======== Dataset
lemma hfun_has_small_gradient:
  fixes x :: "real^2"
  assumes "1 \<le> \<alpha>" and "0 < \<epsilon>" and "0 < \<rho>"
    and far: "\<And>j. j \<in> {2..n} \<Longrightarrow> 2 * \<rho> \<le> norm (ypos \<alpha> a \<epsilon> \<nu> j \<tau>)"
    and small: "\<epsilon> * norm x \<le> \<rho>"
  shows "\<exists>g. GDERIV (\<lambda>z. hfun n \<alpha> m a \<epsilon> \<nu> z \<tau>) x :> g \<and>
    norm g \<le> (\<Sum>j\<in>{2..n}. \<bar>m j\<bar>) * ((\<alpha> + 2) * \<rho> powr - (\<alpha> + 1)) * norm x * \<epsilon> powr (\<alpha> + 1)"
proof -
  have shifted_nz: "ypos \<alpha> a \<epsilon> \<nu> j \<tau> + \<epsilon> *\<^sub>R x \<noteq> 0" if "j \<in> {2..n}" for j
  proof -
    have "norm (ypos \<alpha> a \<epsilon> \<nu> j \<tau>) - norm (\<epsilon> *\<^sub>R x) \<le> norm (ypos \<alpha> a \<epsilon> \<nu> j \<tau> + \<epsilon> *\<^sub>R x)"
      by (rule norm_diff_ineq)
    then show ?thesis
      using far[OF that] small \<open>0 < \<rho>\<close> \<open>0 < \<epsilon>\<close> by auto
  qed
  have y_nz: "ypos \<alpha> a \<epsilon> \<nu> j \<tau> \<noteq> 0" if "j \<in> {2..n}" for j
    using far[OF that] \<open>0 < \<rho>\<close> by auto
  have "-1 \<le> \<alpha>"
    using \<open>1 \<le> \<alpha>\<close> by simp
  define grad where "grad = \<epsilon> powr (\<alpha> - 1) *\<^sub>R (\<Sum>j\<in>{2..n}. (m j * \<epsilon>) *\<^sub>R
    (central_force \<alpha> (ypos \<alpha> a \<epsilon> \<nu> j \<tau>) - central_force \<alpha> (ypos \<alpha> a \<epsilon> \<nu> j \<tau> + \<epsilon> *\<^sub>R x)))"
  have "GDERIV (\<lambda>z. hfun n \<alpha> m a \<epsilon> \<nu> z \<tau>) x :> grad"
    unfolding grad_def using assms(1,2) y_nz shifted_nz by (rule hfun_gradient)
  moreover have "norm grad \<le> (\<Sum>j\<in>{2..n}. \<bar>m j\<bar>) * ((\<alpha> + 2) * \<rho> powr - (\<alpha> + 1)) * norm x * \<epsilon> powr (\<alpha> + 1)"
    unfolding grad_def using \<open>-1 \<le> \<alpha>\<close> assms(2,3) far small by (rule norm_scaled_force_increments_le)
  ultimately show ?thesis
    by blast
qed

lemma finite_positive_lower_bound:
  fixes f :: "'a \<Rightarrow> real"
  assumes "finite J" and "\<And>j. j \<in> J \<Longrightarrow> 0 < f j"
  obtains d where "0 < d" and "\<And>j. j \<in> J \<Longrightarrow> d \<le> f j"
proof
  show "0 < Min (insert 1 (f ` J))"
    using assms by simp
  show "Min (insert 1 (f ` J)) \<le> f j" if "j \<in> J" for j
    using assms(1) that by (simp add: Min_le_iff)
qed

lemma hfun_gradient_estimate:
  assumes "1 \<le> \<alpha>" and distinct: "\<forall>j\<in>{1..n}. \<forall>k\<in>{1..n}. j \<noteq> k \<longrightarrow> a j \<noteq> a k"
  shows "\<exists>C \<epsilon>0. \<epsilon>0 > 0 \<and>
          (\<forall>\<epsilon> \<nu> (p::int) x \<tau>. 0 < \<epsilon> \<and> \<epsilon> < \<epsilon>0 \<and> \<epsilon> < 1 \<and> \<nu> > 0
             \<and> (omega \<alpha> \<epsilon> - 1) / \<nu> = of_int p \<and> norm x \<le> R \<longrightarrow>
             (\<exists>g. GDERIV (\<lambda>z. hfun n \<alpha> m a \<epsilon> \<nu> z \<tau>) x :> g
                  \<and> norm g \<le> C * \<epsilon> powr (\<alpha> + 1)))"
proof -
  have pos: "0 < norm (a 1 - a j)" if "j \<in> {2..n}" for j
    using distinct that by auto
  obtain d where "0 < d" and d: "\<And>j. j \<in> {2..n} \<Longrightarrow> d \<le> norm (a 1 - a j)"
    by (rule finite_positive_lower_bound[of "{2..n}" "\<lambda>j. norm (a 1 - a j)"]) (use pos in auto)
  define \<rho> where "\<rho> = d / 2"
  have "0 < \<rho>"
    using \<open>0 < d\<close> by (simp add: \<rho>_def)
  define K where "K = (\<Sum>j\<in>{2..n}. \<bar>m j\<bar>) * ((\<alpha> + 2) * \<rho> powr - (\<alpha> + 1))"
  have "0 \<le> K"
    using assms(1) by (simp add: K_def)
  show ?thesis
  proof (rule exI[of _ "K * \<bar>R\<bar>"], rule exI[of _ "\<rho> / (\<bar>R\<bar> + 1)"], intro conjI allI impI)
    show "0 < \<rho> / (\<bar>R\<bar> + 1)"
      using \<open>0 < d\<close> by (simp add: \<rho>_def)
    fix \<epsilon> \<nu> :: real and p :: int and x :: "real^2" and \<tau> :: real
    assume H: "0 < \<epsilon> \<and> \<epsilon> < \<rho> / (\<bar>R\<bar> + 1) \<and> \<epsilon> < 1 \<and> \<nu> > 0
      \<and> (omega \<alpha> \<epsilon> - 1) / \<nu> = of_int p \<and> norm x \<le> R"
    then have "\<epsilon> * norm x \<le> \<rho> / (\<bar>R\<bar> + 1) * \<bar>R\<bar>"
      by (intro mult_mono) auto
    also have "\<dots> \<le> \<rho>"
      using \<open>0 < d\<close> by (simp add: \<rho>_def field_simps)
    finally have "\<epsilon> * norm x \<le> \<rho>" .
    moreover have "2 * \<rho> \<le> norm (ypos \<alpha> a \<epsilon> \<nu> j \<tau>)" if "j \<in> {2..n}" for j
      using H d[OF that] by (simp add: \<rho>_def norm_ypos_resonant)
    moreover have "0 < \<epsilon>"
      using H by simp
    ultimately obtain g where "GDERIV (\<lambda>z. hfun n \<alpha> m a \<epsilon> \<nu> z \<tau>) x :> g"
      and "norm g \<le> K * norm x * \<epsilon> powr (\<alpha> + 1)"
      using hfun_has_small_gradient[OF assms(1) _ \<open>0 < \<rho>\<close>] unfolding K_def by blast
    moreover have "K * norm x * \<epsilon> powr (\<alpha> + 1) \<le> K * \<bar>R\<bar> * \<epsilon> powr (\<alpha> + 1)"
      using H \<open>0 \<le> K\<close> by (intro mult_right_mono mult_left_mono) auto
    ultimately show "\<exists>g. GDERIV (\<lambda>z. hfun n \<alpha> m a \<epsilon> \<nu> z \<tau>) x :> g \<and> norm g \<le> K * \<bar>R\<bar> * \<epsilon> powr (\<alpha> + 1)"
      by auto
  qed
qed

theorem proposition4:
  fixes n :: nat and \<alpha> :: real and m :: "nat \<Rightarrow> real" and a :: "nat \<Rightarrow> real^2"
  assumes n2: "n \<ge> 2"
    and alpha: "\<alpha> \<ge> 1"
    and mpos: "\<forall>j\<in>{1..n}. m j > 0"
    and m1: "m 1 = 1"
    and distinct: "\<forall>j\<in>{1..n}. \<forall>k\<in>{1..n}. j \<noteq> k \<longrightarrow> a j \<noteq> a k"
    and cc: "\<forall>j\<in>{1..n}. a j =
              (\<Sum>k\<in>{1..n} - {j}. (m k / norm (a j - a k) powr (\<alpha> + 1)) *\<^sub>R (a j - a k))"
  shows
    "(\<forall>\<epsilon> \<nu> (p::int). 0 < \<epsilon> \<and> \<epsilon> < 1 \<and> \<nu> > 0 \<and> (omega \<alpha> \<epsilon> - 1) / \<nu> = of_int p \<longrightarrow>
        (\<forall>x \<tau>. hfun n \<alpha> m a \<epsilon> \<nu> x (\<tau> + 2 * pi) = hfun n \<alpha> m a \<epsilon> \<nu> x \<tau>)
        \<and> \<nu> / omega \<alpha> \<epsilon> = (1 - \<epsilon> powr ((\<alpha> + 1) / 2)) / of_int p)
     \<and> (\<forall>R. \<exists>C \<epsilon>0. \<epsilon>0 > 0 \<and>
          (\<forall>\<epsilon> \<nu> (p::int) x \<tau>. 0 < \<epsilon> \<and> \<epsilon> < \<epsilon>0 \<and> \<epsilon> < 1 \<and> \<nu> > 0
             \<and> (omega \<alpha> \<epsilon> - 1) / \<nu> = of_int p \<and> norm x \<le> R \<longrightarrow>
             (\<exists>g. GDERIV (\<lambda>z. hfun n \<alpha> m a \<epsilon> \<nu> z \<tau>) x :> g
                  \<and> norm g \<le> C * \<epsilon> powr (\<alpha> + 1))))"
proof (intro conjI allI impI hfun_gradient_estimate[OF alpha distinct])
  fix \<epsilon> \<nu> :: real and p :: int and x :: "real^2" and \<tau> :: real
  assume "0 < \<epsilon> \<and> \<epsilon> < 1 \<and> \<nu> > 0 \<and> (omega \<alpha> \<epsilon> - 1) / \<nu> = of_int p"
  then show "hfun n \<alpha> m a \<epsilon> \<nu> x (\<tau> + 2 * pi) = hfun n \<alpha> m a \<epsilon> \<nu> x \<tau>"
    by (intro hfun_resonant_periodic) auto
next
  fix \<epsilon> \<nu> :: real and p :: int
  assume "0 < \<epsilon> \<and> \<epsilon> < 1 \<and> \<nu> > 0 \<and> (omega \<alpha> \<epsilon> - 1) / \<nu> = of_int p"
  then show "\<nu> / omega \<alpha> \<epsilon> = (1 - \<epsilon> powr ((\<alpha> + 1) / 2)) / of_int p"
    using alpha by (intro resonant_nu_div_omega) auto
qed
(* Let $n,s\in\mathbb{N}_0$ and $P_n\in M_n$. Then for all $x\in\mathbb{R}^d$: if $s$ is even, $H_{s,\mu,P_n}(x)=2^s\,(\tfrac{s}{2})!\,L^{\frac{\mu}{2}+n-1}_{s/2}(|x|^2)\,P_n(x)$; if $s$ is odd, $H_{s,\mu,P_n}(x)=-2^s\,(\tfrac{s-1}{2})!\;x\,L^{\frac{\mu}{2}+n}_{(s-1)/2}(|x|^2)\,P_n(x)$, where $L^\alpha_m(y)=\sum_{j=0}^m\frac{\Gamma(m+\alpha+1)}{j!\,(m-j)!\,\Gamma(j+\alpha+1)}(-y)^j$ is the generalized Laguerre polynomial.
   Context: Let $d\ge 2$. $\mathbb{R}_{0,d}$ is the real Clifford algebra generated by $e_1,\dots,e_d$ with $e_ie_j+e_je_i=-2\delta_{ij}$; vectors $x$ are identified with $\sum_ix_ie_i$, so $x^2=-|x|^2$. $R$ is a root system with reflection group $W$, positive subsystem $R_+$, $\kappa:R\to[0,\infty)$ a $W$-invariant multiplicity function with $\gamma_\kappa=\sum_{\alpha\in R_+}\kappa(\alpha)>0$, $\mu=2\gamma_\kappa+d$. Dunkl operators $T_if(x)=\partial_{x_i}f(x)+\sum_{\alpha\in R_+}\kappa(\alpha)\frac{f(x)-f(\sigma_\alpha x)}{\langle\alpha,x\rangle}\alpha_i$; Dunkl–Dirac operator $D_h=\sum_ie_iT_i$. $M_n$: $\mathbb{C}\otimes\mathbb{R}_{0,d}$-valued homogeneous polynomials of degree $n$ with $D_hP=0$. $D_+f=D_hf-2xf$, and $H_{s,\mu,P_n}=(D_+)^sP_n$. *)

theory Defs
  imports "HOL-Analysis.Analysis"
begin

text \<open>Vectors of R^d are functions nat => real whose components i >= d vanish.
 Elements of the complexified Clifford algebra C (x) R_{0,d} are coefficient maps
 on blades e_A (A a subset of {0..<d}), i.e. functions nat set => complex.\<close>

type_synonym vec = "nat \<Rightarrow> real"
type_synonym cl = "nat set \<Rightarrow> complex"

definition inner_d :: "nat \<Rightarrow> vec \<Rightarrow> vec \<Rightarrow> real" where
  "inner_d d a x = (\<Sum>i<d. a i * x i)"

definition normsq_d :: "nat \<Rightarrow> vec \<Rightarrow> real" where
  "normsq_d d x = inner_d d x x"

definition refl_d :: "nat \<Rightarrow> vec \<Rightarrow> vec \<Rightarrow> vec" where
  "refl_d d \<alpha> x = (\<lambda>i. x i - 2 * inner_d d \<alpha> x / inner_d d \<alpha> \<alpha> * \<alpha> i)"

definition root_system :: "nat \<Rightarrow> vec set \<Rightarrow> bool" where
  "root_system d R \<longleftrightarrow> finite R
     \<and> (\<forall>\<alpha>\<in>R. (\<forall>i\<ge>d. \<alpha> i = 0) \<and> \<alpha> \<noteq> (\<lambda>_. 0))
     \<and> (\<forall>\<alpha>\<in>R. \<forall>c::real. (\<lambda>i. c * \<alpha> i) \<in> R \<longleftrightarrow> c = 1 \<or> c = -1)
     \<and> (\<forall>\<alpha>\<in>R. \<forall>\<beta>\<in>R. refl_d d \<alpha> \<beta> \<in> R)"

definition positive_subsystem :: "nat \<Rightarrow> vec set \<Rightarrow> vec set \<Rightarrow> bool" where
  "positive_subsystem d R Rp \<longleftrightarrow>
     (\<exists>\<beta>. (\<forall>\<alpha>\<in>R. inner_d d \<alpha> \<beta> \<noteq> 0) \<and> Rp = {\<alpha>\<in>R. inner_d d \<alpha> \<beta> > 0})"

inductive_set refl_group :: "nat \<Rightarrow> vec set \<Rightarrow> (vec \<Rightarrow> vec) set" for d R where
  refl_group_id: "id \<in> refl_group d R"
| refl_group_step: "w \<in> refl_group d R \<Longrightarrow> \<alpha> \<in> R \<Longrightarrow> refl_d d \<alpha> \<circ> w \<in> refl_group d R"

definition multiplicity :: "nat \<Rightarrow> vec set \<Rightarrow> (vec \<Rightarrow> real) \<Rightarrow> bool" where
  "multiplicity d R \<kappa> \<longleftrightarrow> (\<forall>\<alpha>\<in>R. \<kappa> \<alpha> \<ge> 0) \<and> (\<forall>w\<in>refl_group d R. \<forall>\<alpha>\<in>R. \<kappa> (w \<alpha>) = \<kappa> \<alpha>)"

text \<open>Clifford algebra: e_A e_B = (-1)^(inversions + |A inter B|) e_(A symdiff B).\<close>
definition cl_sign :: "nat set \<Rightarrow> nat set \<Rightarrow> complex" where
  "cl_sign A B = (-1) ^ (card {(a, b). a \<in> A \<and> b \<in> B \<and> b < a} + card (A \<inter> B))"

definition cl_mult :: "nat \<Rightarrow> cl \<Rightarrow> cl \<Rightarrow> cl" where
  "cl_mult d a b = (\<lambda>C. \<Sum>A\<in>Pow {..<d}. \<Sum>B\<in>Pow {..<d}.
      if (A - B) \<union> (B - A) = C then cl_sign A B * a A * b B else 0)"

definition cl_scale :: "real \<Rightarrow> cl \<Rightarrow> cl" where
  "cl_scale c a = (\<lambda>A. complex_of_real c * a A)"

definition cl_gen :: "nat \<Rightarrow> cl" where
  "cl_gen i = (\<lambda>A. if A = {i} then 1 else 0)"

definition cl_vec :: "nat \<Rightarrow> vec \<Rightarrow> cl" where
  "cl_vec d x = (\<lambda>A. \<Sum>i<d. complex_of_real (x i) * cl_gen i A)"

definition partial_d :: "nat \<Rightarrow> (vec \<Rightarrow> cl) \<Rightarrow> vec \<Rightarrow> cl" where
  "partial_d i f x = (\<lambda>A. vector_derivative (\<lambda>t::real. f (x(i := x i + t)) A) (at 0))"

definition diff_quot :: "nat \<Rightarrow> (vec \<Rightarrow> cl) \<Rightarrow> vec \<Rightarrow> vec \<Rightarrow> cl" where
  "diff_quot d f \<alpha> x =
     (let q = (\<lambda>y. cl_scale (1 / inner_d d \<alpha> y) (\<lambda>A. f y A - f (refl_d d \<alpha> y) A))
      in if inner_d d \<alpha> x \<noteq> 0 then q x
         else (\<lambda>A. Lim (at x within {y. inner_d d \<alpha> y \<noteq> 0}) (\<lambda>y. q y A)))"

definition dunkl :: "nat \<Rightarrow> vec set \<Rightarrow> (vec \<Rightarrow> real) \<Rightarrow> nat \<Rightarrow> (vec \<Rightarrow> cl) \<Rightarrow> vec \<Rightarrow> cl" where
  "dunkl d Rp \<kappa> i f x = (\<lambda>A. partial_d i f x A
      + (\<Sum>\<alpha>\<in>Rp. complex_of_real (\<kappa> \<alpha> * \<alpha> i) * diff_quot d f \<alpha> x A))"

definition dunkl_dirac :: "nat \<Rightarrow> vec set \<Rightarrow> (vec \<Rightarrow> real) \<Rightarrow> (vec \<Rightarrow> cl) \<Rightarrow> vec \<Rightarrow> cl" where
  "dunkl_dirac d Rp \<kappa> f x = (\<lambda>A. \<Sum>i<d. cl_mult d (cl_gen i) (dunkl d Rp \<kappa> i f x) A)"

definition D_plus :: "nat \<Rightarrow> vec set \<Rightarrow> (vec \<Rightarrow> real) \<Rightarrow> (vec \<Rightarrow> cl) \<Rightarrow> vec \<Rightarrow> cl" where
  "D_plus d Rp \<kappa> f x = (\<lambda>A. dunkl_dirac d Rp \<kappa> f x A - 2 * cl_mult d (cl_vec d x) (f x) A)"

definition H_fun :: "nat \<Rightarrow> vec set \<Rightarrow> (vec \<Rightarrow> real) \<Rightarrow> nat \<Rightarrow> (vec \<Rightarrow> cl) \<Rightarrow> vec \<Rightarrow> cl" where
  "H_fun d Rp \<kappa> s P = (D_plus d Rp \<kappa> ^^ s) P"

definition multi_idx :: "nat \<Rightarrow> nat \<Rightarrow> (nat \<Rightarrow> nat) set" where
  "multi_idx d n = {\<beta>. (\<forall>i\<ge>d. \<beta> i = 0) \<and> (\<Sum>i<d. \<beta> i) = n}"

definition hom_poly :: "nat \<Rightarrow> nat \<Rightarrow> (vec \<Rightarrow> cl) \<Rightarrow> bool" where
  "hom_poly d n P \<longleftrightarrow> (\<exists>c :: (nat \<Rightarrow> nat) \<Rightarrow> cl.
      (\<forall>\<beta> A. \<not> A \<subseteq> {..<d} \<longrightarrow> c \<beta> A = 0) \<and>
      P = (\<lambda>x A. \<Sum>\<beta>\<in>multi_idx d n. c \<beta> A * complex_of_real (\<Prod>i<d. x i ^ \<beta> i)))"

definition monogenic :: "nat \<Rightarrow> vec set \<Rightarrow> (vec \<Rightarrow> real) \<Rightarrow> nat \<Rightarrow> (vec \<Rightarrow> cl) \<Rightarrow> bool" where
  "monogenic d Rp \<kappa> n P \<longleftrightarrow> hom_poly d n P \<and>
     (\<forall>x. (\<forall>i\<ge>d. x i = 0) \<longrightarrow> dunkl_dirac d Rp \<kappa> P x = (\<lambda>_. 0))"

definition laguerre :: "real \<Rightarrow> nat \<Rightarrow> real \<Rightarrow> real" where
  "laguerre a m y = (\<Sum>j\<le>m. Gamma (real m + a + 1)
       / (fact j * fact (m - j) * Gamma (real j + a + 1)) * (- y) ^ j)"

end

theory Submission
  imports Defs "HOL-Computational_Algebra.Polynomial"
begin

(* Write r = |x|^2 and, for a real polynomial p, consider the two families
       p(r) P_n(x)      and      p(r) x P_n(x).
   The operator D_+ = D_h - 2x maps each family into the other: with 2b = d + 2n + 2 gamma,
     D_+ (p(r) P_n)   = (2p' - 2p)(r) x P_n,
     D_+ (p(r) x P_n) = (2rp - 2rp' - 2b p)(r) P_n.
   This rests on three facts: (i) Dunkl operators obey a Leibniz rule with radial
   factors, because r is invariant under reflections; (ii) D_h P_n = 0; and
   (iii) D_h (x P_n) = -2b P_n, which combines the Clifford relations
   e_i e_j + e_j e_i = -2 delta_ij, Euler's identity for homogeneous polynomials and
   the reflection terms of the Dunkl operators.  Difference quotients are computed from
   explicit continuous quotients K with G(x) - G(sigma x) = <alpha,x> K(x), which also
   settles their value on the reflecting hyperplanes.
   Starting from p = 1, induction on k shows H_{2k} = 2^{2k} k! L^{b-1}_k(r) P_n and
   H_{2k+1} = -2^{2k+1} k! L^b_k(r) x P_n, using the Laguerre identities
   L^b_k = L^{b-1}_k - (L^{b-1}_k)' and (k+1) L^{b-1}_{k+1} = r (L^b_k)' - r L^b_k + b L^b_k. *)


section \<open>The Clifford algebra\<close>

definition cl_supported :: "nat \<Rightarrow> cl \<Rightarrow> bool" where
  "cl_supported d b \<longleftrightarrow> (\<forall>A. \<not> A \<subseteq> {..<d} \<longrightarrow> b A = 0)"

text \<open>Left multiplication by e_j toggles the index j in a blade.\<close>
definition blade_flip :: "nat set \<Rightarrow> nat \<Rightarrow> nat set" where
  "blade_flip X j = (if j \<in> X then X - {j} else insert j X)"

definition gen_sign :: "nat \<Rightarrow> nat set \<Rightarrow> complex" where
  "gen_sign i B = (-1) ^ (card {b\<in>B. b < i} + (if i \<in> B then 1 else 0))"

abbreviation e_mul :: "nat \<Rightarrow> nat \<Rightarrow> cl \<Rightarrow> cl" where
  "e_mul d i b \<equiv> cl_mult d (cl_gen i) b"

abbreviation v_mul :: "nat \<Rightarrow> vec \<Rightarrow> cl \<Rightarrow> cl" where
  "v_mul d u b \<equiv> cl_mult d (cl_vec d u) b"

lemma blade_flip_flip [simp]: "blade_flip (blade_flip X j) j = X"
  unfolding blade_flip_def by auto

lemma blade_flip_commute: "blade_flip (blade_flip X i) j = blade_flip (blade_flip X j) i"
  unfolding blade_flip_def by auto

lemma blade_flip_subset: "X \<subseteq> {..<d} \<Longrightarrow> j < d \<Longrightarrow> blade_flip X j \<subseteq> {..<d}"
  unfolding blade_flip_def by auto

lemma cl_sign_gen: "finite B \<Longrightarrow> cl_sign {i} B = gen_sign i B"
proof -
  assume "finite B"
  have "{(a, b). a \<in> {i} \<and> b \<in> B \<and> b < a} = Pair i ` {b\<in>B. b < i}" by auto
  hence "card {(a, b). a \<in> {i} \<and> b \<in> B \<and> b < a} = card {b\<in>B. b < i}"
    by (simp add: card_image inj_on_def)
  moreover have "card ({i} \<inter> B) = (if i \<in> B then 1 else 0)" by auto
  ultimately show ?thesis unfolding cl_sign_def gen_sign_def by simp
qed

lemma e_mul_apply:
  assumes "i < d"
  shows "e_mul d i b C
    = (if C \<subseteq> {..<d} then gen_sign i (blade_flip C i) * b (blade_flip C i) else 0)"
proof -
  have "e_mul d i b C = (\<Sum>A\<in>Pow {..<d}. if A = {i} then
      (\<Sum>B\<in>Pow {..<d}. if (A - B) \<union> (B - A) = C then cl_sign A B * b B else 0) else 0)"
    unfolding cl_mult_def cl_gen_def
    by (intro sum.cong refl) (simp cong: if_cong)
  also have "\<dots> = (\<Sum>B\<in>Pow {..<d}.
      if ({i} - B) \<union> (B - {i}) = C then cl_sign {i} B * b B else 0)"
    using assms by (simp add: sum.delta)
  also have "\<dots> = (\<Sum>B\<in>Pow {..<d}. if B = blade_flip C i then gen_sign i B * b B else 0)"
  proof -
    have "({i} - B) \<union> (B - {i}) = C \<longleftrightarrow> B = blade_flip C i" for B
      unfolding blade_flip_def by auto
    thus ?thesis by (intro sum.cong) (auto simp: cl_sign_gen finite_subset[of _ "{..<d}"])
  qed
  also have "\<dots> = (if C \<subseteq> {..<d} then gen_sign i (blade_flip C i) * b (blade_flip C i) else 0)"
  proof -
    have "blade_flip C i \<subseteq> {..<d} \<longleftrightarrow> C \<subseteq> {..<d}"
      using assms unfolding blade_flip_def by auto
    thus ?thesis by (simp add: sum.delta')
  qed
  finally show ?thesis .
qed

lemma e_mul_out_of_range: "\<not> i < d \<Longrightarrow> e_mul d i b A = 0"
  unfolding cl_mult_def cl_gen_def by (auto intro!: sum.neutral)

lemma gen_sign_flip_self: "gen_sign i (blade_flip X i) = - gen_sign i X"
proof -
  have "{b \<in> blade_flip X i. b < i} = {b \<in> X. b < i}" unfolding blade_flip_def by auto
  moreover have "(i \<in> blade_flip X i) = (i \<notin> X)" unfolding blade_flip_def by auto
  ultimately show ?thesis unfolding gen_sign_def by auto
qed

lemma gen_sign_square: "gen_sign i X * gen_sign i X = 1"
  unfolding gen_sign_def by (simp add: power_add[symmetric] mult_2[symmetric] power_mult)

lemma gen_sign_flip_less:
  assumes "j < i" "finite X"
  shows "gen_sign i (blade_flip X j) = - gen_sign i X"
proof (cases "j \<in> X")
  case True
  have "{b \<in> X. b < i} = insert j {b \<in> X - {j}. b < i}" using True assms by auto
  hence "card {b \<in> X. b < i} = Suc (card {b \<in> X - {j}. b < i})" using assms by simp
  thus ?thesis using True assms unfolding gen_sign_def blade_flip_def by auto
next
  case False
  have "{b \<in> insert j X. b < i} = insert j {b \<in> X. b < i}" using False assms by auto
  hence "card {b \<in> insert j X. b < i} = Suc (card {b \<in> X. b < i})" using assms False by simp
  thus ?thesis using False assms unfolding gen_sign_def blade_flip_def by auto
qed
================
Look above for the line that contains "d R \<kappa>". Starting there, transcribe every line exactly until you have copied the line that contains "b = (\<lambda>C.".

• [Answer to the problem]
  "multiplicity d R \<kappa> \<longleftrightarrow> (\<forall>\<alpha>\<in>R. \<kappa> \<alpha> \<ge> 0) \<and> (\<forall>w\<in>refl_group d R. \<forall>\<alpha>\<in>R. \<kappa> (w \<alpha>) = \<kappa> \<alpha>)"

text \<open>Clifford algebra: e_A e_B = (-1)^(inversions + |A inter B|) e_(A symdiff B).\<close>
definition cl_sign :: "nat set \<Rightarrow> nat set \<Rightarrow> complex" where
  "cl_sign A B = (-1) ^ (card {(a, b). a \<in> A \<and> b \<in> B \<and> b < a} + card (A \<inter> B))"

definition cl_mult :: "nat \<Rightarrow> cl \<Rightarrow> cl \<Rightarrow> cl" where
  "cl_mult d a b = (\<lambda>C. \<Sum>A\<in>Pow {..<d}. \<Sum>B\<in>Pow {..<d}.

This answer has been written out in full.